» **WHAT IS NEEDED**
Within the data that follows, set down exactly the lines from the one containing "text \<open>" through the one containing "2|A| + 2|B|\<close>", both ends included.

» **MATERIAL PROVIDED**
(* Let $p$ be an odd prime. Then $$\Psi^w_{\mathbb{Z}_{2p}}(x)=\left[\frac{2}{p-1}\sum_{d\mid\frac{p-1}{2}}\phi\!\left(\frac{p-1}{2d}\right)\left(1+x^{\frac{p-1}{d}}\right)^{d}\left(\left(1+x^{\frac{p-1}{d}}\right)^{d}(1+x)-1\right)\right]-x,$$ and hence $$\mathcal{E}^w(\mathbb{Z}_{2p})=\Psi^w_{\mathbb{Z}_{2p}}(1)=-1+\frac{2}{p-1}\sum_{d\mid\frac{p-1}{2}}\phi\!\left(\frac{p-1}{2d}\right)2^d\left(2^{d+1}-1\right).$$
   Context: $\phi$ is Euler's totient function. For a finite group $\mathcal{A}$ with identity $e$, let $G(\mathcal{A})=\{\Omega\subseteq\mathcal{A}:\Omega^{-1}=\Omega,\ \langle\Omega\rangle=\mathcal{A},\ e\notin\Omega\}$. $\mathrm{Aut}(\mathcal{A})$ acts on $G(\mathcal{A})$ by $\alpha\cdot\Omega=\alpha(\Omega)$. For $k\ge1$ let $a^w_k(\mathcal{A})$ be the number of orbits of $\mathrm{Aut}(\mathcal{A})$ on $\{\Omega\in G(\mathcal{A}):|\Omega|=k\}$ (the number of weak equivalence classes of Cayley graphs $C(\mathcal{A},\Omega)$ of degree $k$); $\Psi^w_{\mathcal{A}}(x)=\sum_{k=1}^{|\mathcal{A}|-1}a^w_k(\mathcal{A})x^k$ and $\mathcal{E}^w(\mathcal{A})=\Psi^w_{\mathcal{A}}(1)$. *)

theory Defs
  imports "HOL-Algebra.Elementary_Groups" "HOL-Algebra.Generated_Groups"
    "HOL-Number_Theory.Number_Theory" Complex_Main
begin

definition cayley_sets :: "('a, 'b) monoid_scheme \<Rightarrow> 'a set set" where
  "cayley_sets G = {\<Omega>. \<Omega> \<subseteq> carrier G \<and> m_inv G ` \<Omega> = \<Omega> \<and>
                          generate G \<Omega> = carrier G \<and> \<one>\<^bsub>G\<^esub> \<notin> \<Omega>}"

definition aut_orbit :: "('a, 'b) monoid_scheme \<Rightarrow> 'a set \<Rightarrow> 'a set set" where
  "aut_orbit G \<Omega> = (\<lambda>\<alpha>. \<alpha> ` \<Omega>) ` iso G G"

definition a_w :: "('a, 'b) monoid_scheme \<Rightarrow> nat \<Rightarrow> nat" where
  "a_w G k = card (aut_orbit G ` {\<Omega> \<in> cayley_sets G. card \<Omega> = k})"

definition Psi_w :: "('a, 'b) monoid_scheme \<Rightarrow> real \<Rightarrow> real" where
  "Psi_w G x = (\<Sum>k = 1..card (carrier G) - 1. real (a_w G k) * x ^ k)"

definition E_w :: "('a, 'b) monoid_scheme \<Rightarrow> real" where
  "E_w G = Psi_w G 1"

end

theory Submission
  imports Defs
begin

text \<open>
  The automorphisms of \<open>\<int>\<^sub>2\<^sub>p\<close> are the multiplications by units. Fix a primitive root \<open>g\<close>
  modulo \<open>p\<close>, put \<open>m = (p - 1) / 2\<close> and let \<open>hlog x\<close> be the discrete logarithm of \<open>x\<close> reduced
  modulo \<open>m\<close>; since \<open>g\<^sup>m \<equiv> -1\<close>, it takes the same value on \<open>x\<close> and \<open>-x\<close>. An inverse-closed
  subset of \<open>\<int>\<^sub>2\<^sub>p - {0}\<close> is then encoded by a triple \<open>(e, A, B)\<close>: whether it contains \<open>p\<close>,
  and the values of \<open>hlog\<close> on its even and on its odd elements prime to \<open>p\<close>. The set has
  \<open>e + 2|A| + 2|B|\<close> elements, it generates iff \<open>B \<noteq> {}\<close> or \<open>e \<and> A \<noteq> {}\<close>, and multiplication
  by a unit \<open>u\<close> rotates \<open>A\<close> and \<open>B\<close> by \<open>hlog u\<close> in \<open>\<int>/m\<close>, every rotation being realised.
  So the weak equivalence classes are the orbits of the rotation action of \<open>\<int>/m\<close> on triples,
  counted by Burnside's lemma: the subsets fixed by the rotation \<open>j\<close> are those of period
  \<open>gcd j m\<close>, and grouping the rotations by \<open>d = gcd j m\<close> brings in \<open>totient (m div d)\<close>.
\<close>

section \<open>Burnside's lemma for cyclic actions\<close>

lemma mod_add_mod_add_complement:
  fixes i k m j :: nat
  assumes "i + k = m"
  shows "((j + i) mod m + k) mod m = j mod m"
proof -
  have "((j + i) mod m + k) mod m = (j + m) mod m"
    using assms by (simp add: mod_add_left_eq add.assoc)
  then show ?thesis by simp
qed

locale cyclic_action =
  fixes m :: nat and X :: "'x set" and act :: "nat \<Rightarrow> 'x \<Rightarrow> 'x"
  assumes order_pos: "0 < m"
    and act_0: "t \<in> X \<Longrightarrow> act 0 t = t"
    and act_act: "t \<in> X \<Longrightarrow> act i (act j t) = act ((i + j) mod m) t"
    and act_closed: "t \<in> X \<Longrightarrow> act j t \<in> X"
begin

definition orbit :: "'x \<Rightarrow> 'x set" where
  "orbit t = (\<lambda>j. act j t) ` {..<m}"

definition stabilizer :: "'x \<Rightarrow> nat set" where
  "stabilizer t = {j \<in> {..<m}. act j t = t}"

lemma act_inverse: "t \<in> X \<Longrightarrow> i \<le> m \<Longrightarrow> act (m - i) (act i t) = t"
  using act_act[of t "m - i" i] act_0 by simp

lemma orbit_refl: "t \<in> X \<Longrightarrow> t \<in> orbit t"
  unfolding orbit_def using order_pos act_0 by (auto intro!: image_eqI[of _ _ 0])

lemma finite_orbit: "finite (orbit t)"
  unfolding orbit_def by simp

lemma card_orbit_pos: "t \<in> X \<Longrightarrow> 0 < card (orbit t)"
  using orbit_refl finite_orbit card_gt_0_iff by blast

lemma orbit_subset: "t \<in> X \<Longrightarrow> orbit t \<subseteq> X"
  unfolding orbit_def using act_closed by auto

lemma orbit_eq:
  assumes t: "t \<in> X" and s: "s \<in> orbit t"
  shows "orbit s = orbit t"
proof -
  obtain i where i: "i < m" "s = act i t"
    using s unfolding orbit_def by auto
  have "act k t = act ((k + (m - i)) mod m) s" if "k < m" for k
    using that i act_act[OF t] by (simp add: mod_add_left_eq)
  then have "orbit t \<subseteq> orbit s"
    unfolding orbit_def using order_pos by auto
  moreover have "orbit s \<subseteq> orbit t"
    unfolding orbit_def using i act_act[OF t] order_pos by auto
  ultimately show ?thesis by blast
qed

theorem card_orbit_mult_card_stabilizer:
  assumes t: "t \<in> X"
  shows "card (orbit t) * card (stabilizer t) = m"
proof -
  have fibre: "card {j \<in> {..<m}. act j t = act i t} = card (stabilizer t)" if "i < m" for i
  proof (rule sym, rule bij_betw_same_card,
         rule bij_betw_byWitness[where f = "\<lambda>j. (j + i) mod m" and f' = "\<lambda>j. (j + (m - i)) mod m"])
    show "\<forall>j \<in> stabilizer t. ((j + i) mod m + (m - i)) mod m = j"
      using that mod_add_mod_add_complement[of i "m - i" m] by (auto simp: stabilizer_def)
    show "\<forall>j \<in> {j \<in> {..<m}. act j t = act i t}. ((j + (m - i)) mod m + i) mod m = j"
      using that mod_add_mod_add_complement[of "m - i" i m] by auto
    show "(\<lambda>j. (j + i) mod m) ` stabilizer t \<subseteq> {j \<in> {..<m}. act j t = act i t}"
      using act_act[OF t, of i] order_pos by (auto simp: stabilizer_def) (metis add.commute)
    show "(\<lambda>j. (j + (m - i)) mod m) ` {j \<in> {..<m}. act j t = act i t} \<subseteq> stabilizer t"
    proof (clarsimp simp: stabilizer_def)
      fix j assume "act j t = act i t"
      then have "act (m - i) (act j t) = t"
        using act_inverse[OF t] that by simp
      then show "act ((j + (m - i)) mod m) t = t"
        using act_act[OF t, of "m - i" j] by (simp add: add.commute)
    qed
  qed
  have "m = (\<Sum>y \<in> orbit t. card {j \<in> {..<m}. act j t = y})"
    using sum.group[of "{..<m}" "orbit t" "\<lambda>j. act j t" "\<lambda>_. 1::nat"]
    unfolding orbit_def by simp
  also have "\<dots> = (\<Sum>y \<in> orbit t. card (stabilizer t))"
    using fibre by (intro sum.cong) (auto simp: orbit_def)
  finally show ?thesis by simp
qed

lemma card_orbits_eq_sum:
  assumes "Y \<subseteq> X" "finite Y" "\<And>t. t \<in> Y \<Longrightarrow> orbit t \<subseteq> Y"
  shows "real (card (orbit ` Y)) = (\<Sum>t \<in> Y. 1 / real (card (orbit t)))"
proof -
  have "(\<Sum>t \<in> Y. 1 / real (card (orbit t))) =
        (\<Sum>C \<in> orbit ` Y. \<Sum>t \<in> {t \<in> Y. orbit t = C}. 1 / real (card (orbit t)))"
    using sum.group[of Y "orbit ` Y" orbit "\<lambda>t. 1 / real (card (orbit t))"] assms by simp
  also have "\<dots> = (\<Sum>C \<in> orbit ` Y. 1)"
  proof (rule sum.cong[OF refl])
    fix C assume "C \<in> orbit ` Y"
    then obtain t0 where t0: "t0 \<in> Y" "C = orbit t0" by auto
    have C: "{t \<in> Y. orbit t = C} = C"
      using t0 assms orbit_eq orbit_refl by blast
    have "(\<Sum>t \<in> {t \<in> Y. orbit t = C}. 1 / real (card (orbit t))) = (\<Sum>t \<in> C. 1 / real (card C))"
      by (rule sum.cong[OF C]) (metis (mono_tags, lifting) C mem_Collect_eq)
    then show "(\<Sum>t \<in> {t \<in> Y. orbit t = C}. 1 / real (card (orbit t))) = 1"
      using card_orbit_pos[of t0] t0 assms(1) by auto
  qed
  finally show ?thesis by simp
qed

theorem weighted_burnside:
  assumes "Y \<subseteq> X" "finite Y"
  shows "(\<Sum>t \<in> Y. w t / real (card (orbit t))) =
         (\<Sum>j<m. \<Sum>t \<in> {t \<in> Y. act j t = t}. w t) / real m"
proof -
  have "(\<Sum>t \<in> Y. w t / real (card (orbit t))) = (\<Sum>t \<in> Y. w t * real (card (stabilizer t))) / real m"
    unfolding sum_divide_distrib
  proof (rule sum.cong[OF refl])
    fix t assume "t \<in> Y"
    then have "real (card (orbit t)) * real (card (stabilizer t)) = real m" "0 < card (orbit t)"
      using card_orbit_mult_card_stabilizer card_orbit_pos assms(1) by (metis of_nat_mult subsetD)+
    then show "w t / real (card (orbit t)) = w t * real (card (stabilizer t)) / real m"
      using order_pos by (auto simp: field_simps)
  qed
  also have "(\<Sum>t \<in> Y. w t * real (card (stabilizer t))) = (\<Sum>t \<in> Y. \<Sum>j \<in> stabilizer t. w t)"
    by (simp add: mult.commute)
  also have "\<dots> = (\<Sum>j<m. \<Sum>t \<in> {t \<in> Y. act j t = t}. w t)"
    unfolding stabilizer_def by (rule sum.swap_restrict) (use assms in auto)
  finally show ?thesis .
qed

end

section \<open>Rotation-invariant subsets of \<open>\<int>/m\<close>\<close>

definition rotate_set :: "nat \<Rightarrow> nat \<Rightarrow> nat set \<Rightarrow> nat set" where
  "rotate_set m j A = (\<lambda>a. (a + j) mod m) ` A"

lemma rotate_set_rotate_set: "rotate_set m i (rotate_set m j A) = rotate_set m ((i + j) mod m) A"
proof -
  have "((a + j) mod m + i) mod m = (a + (i + j) mod m) mod m" for a
    by (simp add: mod_add_left_eq mod_add_right_eq ac_simps)
  then show ?thesis unfolding rotate_set_def image_image by simp
qed

lemma rotate_set_0: "A \<subseteq> {..<m} \<Longrightarrow> rotate_set m 0 A = A"
  unfolding rotate_set_def by (auto simp: subset_iff image_iff)

lemma rotate_set_subset: "0 < m \<Longrightarrow> rotate_set m j A \<subseteq> {..<m}"
  unfolding rotate_set_def by auto

lemma rotate_set_empty_iff [simp]: "rotate_set m j A = {} \<longleftrightarrow> A = {}"
  unfolding rotate_set_def by simp

lemma mem_rotate_set: "a \<in> A \<Longrightarrow> (a + j) mod m \<in> rotate_set m j A"
  unfolding rotate_set_def by auto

» **SOLUTION TO THE PROBLEM**
text \<open>
  The automorphisms of \<open>\<int>\<^sub>2\<^sub>p\<close> are the multiplications by units. Fix a primitive root \<open>g\<close>
  modulo \<open>p\<close>, put \<open>m = (p - 1) / 2\<close> and let \<open>hlog x\<close> be the discrete logarithm of \<open>x\<close> reduced
  modulo \<open>m\<close>; since \<open>g\<^sup>m \<equiv> -1\<close>, it takes the same value on \<open>x\<close> and \<open>-x\<close>. An inverse-closed
  subset of \<open>\<int>\<^sub>2\<^sub>p - {0}\<close> is then encoded by a triple \<open>(e, A, B)\<close>: whether it contains \<open>p\<close>,
  and the values of \<open>hlog\<close> on its even and on its odd elements prime to \<open>p\<close>. The set has
  \<open>e + 2|A| + 2|B|\<close> elements, it generates iff \<open>B \<noteq> {}\<close> or \<open>e \<and> A \<noteq> {}\<close>, and multiplication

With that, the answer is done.